To a dormouse, the linear hedgerows of the Sid Valley are a green superhighway, but even a single wide gateway or a gap in the hedge is an impassable barrier. This makes "gapping up"—the planting of missing links like hazel and honeysuckle—a high-stakes architectural project. Interestingly, their commitment to the heights is strictly seasonal. To survive the frost of winter, they finally descend from their "arboreal prison" to weave tight nests hidden under leaf litter or, occasionally, in the quiet, frost-protected corners of garden flowerpots.
The Log-Like Pioneers: Beavers as Accidental Bat Feeders
The Sid Valley has become a primary "expansion zone" for beavers migrating from the neighbouring Rivers Otter and Axe. These "pioneer" beavers are the valley’s master engineers. You might spot them at dawn or dusk, swimming with a characteristic "log-like" profile or announcing their presence with a sharp slap of a tail against the water.
The evidence of their industry is unmistakable: "pencil-shaped" chewed stumps and freshly peeled willow sticks. By damming side streams, beavers create sprawling wetlands that act as nutrient-rich nurseries for young fish. But the chain reaction extends to the sky. These wetlands trigger a massive boost in aquatic insect populations, providing an all-you-can-eat buffet for the valley’s 11 recorded bat species.
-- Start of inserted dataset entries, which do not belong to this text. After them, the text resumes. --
lemma Cauchy_nested_convex_near_minimizers:
  fixes z :: "nat \<Rightarrow> 'a::real_inner"
  assumes convex: "\<And>n. convex (A n)" and decseq: "\<And>n. A (Suc n) \<subseteq> A n" and z: "\<And>n. z n \<in> A n"
    and lower: "\<And>n w. w \<in> A n \<Longrightarrow> d n \<le> norm w" and d_nonneg: "\<And>n. 0 \<le> d n"
    and d_lim: "d \<longlonglongrightarrow> \<mu>" and z_norm: "\<And>n. norm (z n) \<le> \<mu> + 1 / Suc n"
  shows "Cauchy z"
proof (rule metric_CauchyI)
  fix e :: real assume "e > 0"
  define g where "g n = 4 * ((\<mu> + 1 / Suc n)\<^sup>2 - (d n)\<^sup>2)" for n
  have "g \<longlonglongrightarrow> 4 * ((\<mu> + 0)\<^sup>2 - \<mu>\<^sup>2)"
    unfolding g_def using LIMSEQ_inverse_real_of_nat
    by (intro tendsto_intros d_lim) (simp add: inverse_eq_divide)
  then have "\<forall>\<^sub>F n in sequentially. g n < e\<^sup>2" using \<open>e > 0\<close> by (intro order_tendstoD(2)) auto
  then obtain M where M: "\<And>n. n \<ge> M \<Longrightarrow> g n < e\<^sup>2" unfolding eventually_at_top_linorder by blast
  have z_close: "(dist (z n) (z n'))\<^sup>2 \<le> g n" if "n \<le> n'" for n n'
  proof -
    have "A n' \<subseteq> A n" using that by (induction rule: dec_induct) (use decseq in auto)
    moreover have "1 / real (Suc n') \<le> 1 / Suc n" using that by (simp add: frac_le)
    then have "norm (z n') \<le> \<mu> + 1 / Suc n" using z_norm[of n'] by linarith
    ultimately show ?thesis unfolding g_def dist_norm using z d_nonneg lower z_norm[of n]
      by (intro convex_near_minimal_norm_diff[OF convex[of n]]) auto
  qed
  have "dist (z a) (z b) < e" if "a \<ge> M" "b \<ge> M" for a b
  proof -
    have "(dist (z a) (z b))\<^sup>2 < e\<^sup>2"
      using z_close[of a b] z_close[of b a] M that by (cases "a \<le> b") (force simp: dist_commute)+
    then show ?thesis using \<open>e > 0\<close> by (simp add: power_less_imp_less_base)
  qed
  then show "\<exists>M. \<forall>m\<ge>M. \<forall>n\<ge>M. dist (z m) (z n) < e" by blast
qed

lemma closed_convex_bounded_nest:
  fixes A :: "nat \<Rightarrow> 'a::{real_inner,complete_space} set"
  assumes closed: "\<And>n. closed (A n)" and convex: "\<And>n. convex (A n)"
    and nonempty: "\<And>n. A n \<noteq> {}" and decseq: "\<And>n. A (Suc n) \<subseteq> A n"
    and bounded: "\<And>n z. z \<in> A n \<Longrightarrow> norm z \<le> B"
  shows "\<exists>c. \<forall>n. c \<in> A n"
proof -
  define d where "d n = Inf (norm ` A n)" for n
  have d_le: "d n \<le> norm z" if "z \<in> A n" for n z
    unfolding d_def using that by (intro cInf_lower) (auto intro: bdd_belowI[of _ 0])
  have "incseq d"
  proof (rule incseq_SucI)
    fix n show "d n \<le> d (Suc n)"
      unfolding d_def[of "Suc n"] using nonempty[of "Suc n"] decseq[of n]
      by (intro cInf_greatest) (auto intro: d_le)
  qed
  moreover have "bdd_above (range d)"
  proof (rule bdd_aboveI[of _ B], clarify)
    fix n obtain z where "z \<in> A n" using nonempty[of n] by blast
    then show "d n \<le> B" using d_le bounded by (meson order_trans)
  qed
  ultimately have d_lim: "d \<longlonglongrightarrow> (SUP n. d n)" and d_le_sup: "\<And>n. d n \<le> (SUP n. d n)"
    by (auto intro: LIMSEQ_incseq_SUP cSUP_upper)
  obtain z where z_in: "\<And>n. z n \<in> A n" and z_norm: "\<And>n. norm (z n) < d n + 1 / Suc n"
  proof -
    have "\<exists>z \<in> A n. norm z < d n + 1 / Suc n" for n
      using cInf_lessD[of "norm ` A n" "d n + 1 / Suc n"] nonempty[of n] by (auto simp: d_def)
    then show ?thesis using that by metis
  qed
  have "Cauchy z"
  proof (rule Cauchy_nested_convex_near_minimizers[where A = A and d = d and \<mu> = "SUP n. d n"])
    show "0 \<le> d n" for n unfolding d_def using nonempty[of n] by (intro cInf_greatest) auto
    show "norm (z n) \<le> (SUP n. d n) + 1 / Suc n" for n using z_norm[of n] d_le_sup[of n] by linarith
  qed (use convex decseq z_in d_le d_lim in auto)
  then obtain c where c: "z \<longlonglongrightarrow> c" using Cauchy_convergent_iff convergent_def by blast
  have "c \<in> A n" for n
  proof (rule Lim_in_closed_set[OF closed[of n] _ _ c])
    have A_mono: "A k \<subseteq> A n" if "n \<le> k" for k
      using that by (induction rule: dec_induct) (use decseq in auto)
    show "\<forall>\<^sub>F k in sequentially. z k \<in> A n"
      using eventually_ge_at_top[of n] by eventually_elim (use z_in A_mono in blast)
  qed simp
  then show ?thesis by blast
qed
lemma commutator_nat_pow_left_mod:
  assumes Z: "Z \<lhd> G" and x: "x \<in> carrier G" and y: "y \<in> carrier G"
    and h: "\<And>m::nat. commutator G x (commutator G (x [^] m) y) \<in> Z"
  shows "commutator G (x [^] (m::nat)) y \<otimes> inv (commutator G x y [^] m) \<in> Z"
proof (induction m)
  case 0
  then show ?case using Z normal_imp_subgroup subgroup.one_closed by (fastforce simp: y)
next
  case (Suc m)
  have Zs: "subgroup Z G" using Z normal_imp_subgroup by blast
  define a where "a = commutator G (x [^] m) y"
  define c where "c = commutator G x y"
  define b where "b = c [^] m"
  define z where "z = commutator G x a"
  have aC: "a \<in> carrier G" and cC: "c \<in> carrier G" and bC: "b \<in> carrier G" and zC: "z \<in> carrier G"
    using x y by (auto simp: a_def b_def c_def z_def)
  have "commutator G (x [^] Suc m) y = commutator G (x \<otimes> x [^] m) y"
    using x nat_pow_Suc2[OF x, of m] by (simp del: nat_pow_Suc)
  also have "\<dots> = x \<otimes> a \<otimes> inv x \<otimes> c" using x y by (simp add: commutator_mult_left a_def c_def)
  also have "x \<otimes> a \<otimes> inv x = z \<otimes> a" using x aC by (simp add: conj_eq_commutator_mult z_def)
  finally have "commutator G (x [^] Suc m) y \<otimes> inv (commutator G x y [^] Suc m) = z \<otimes> (a \<otimes> inv b)"
    using aC bC cC zC by (simp add: b_def c_def m_assoc inv_mult_group)
  moreover have "z \<in> Z" using h by (simp add: z_def a_def)
  moreover have "a \<otimes> inv b \<in> Z" using Suc by (simp add: a_def b_def c_def)
  ultimately show ?case using subgroup.m_closed[OF Zs] by simp
qed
In this natural alliance, the beaver’s engineering project fuels the "superhighway" of the sky, proving that when one species thrives, the entire ecosystem rises with it.
Jasmine Tea and Garden Raids: The Secret Life of the Urban Otter
As we work to restore the river, we must also learn the art of coexistence. Because the 27+ man-made barriers on the Sid currently trap fish, making them "sitting ducks," otters have been forced to look elsewhere for food. This has led to "garden raids," where otters frequent residential ponds to feast on ornamental goldfish.
These urban excursions have highlighted the more sensory side of otter biology. Conservationists track them by their "spraints" (droppings), which, surprisingly, carry a sophisticated scent reminiscent of jasmine tea or fresh fish. The solution to these garden conflicts isn't removal—which is illegal—but the "Opening the Sid" project itself. By removing weirs and allowing fish to migrate freely, we ensure the otters stay in the river where they belong. In the meantime, homeowners can use discrete electric fencing to protect their ponds, maintaining a peaceful border between our world and theirs.
Conclusion: The Future of the Flow
The story of the River Sid is shifting from a narrative of managed decline to one of wild resilience. We are moving away from the era of the "manicured" nature—where we try to trap and control every variable—and toward a philosophy of natural alliances.
By modifying weirs, "gapping up" hedgerows, and welcoming back apex engineers like the beaver, we are rebuilding the broken links of a vital superhighway. The river is a living system that has been held back for too long. As we remove the final blocks to its flow, we must ask: are we ready to step back and let the river breathe? The Sid is ready to return to its former glory; we simply need to stop standing in the way of the water.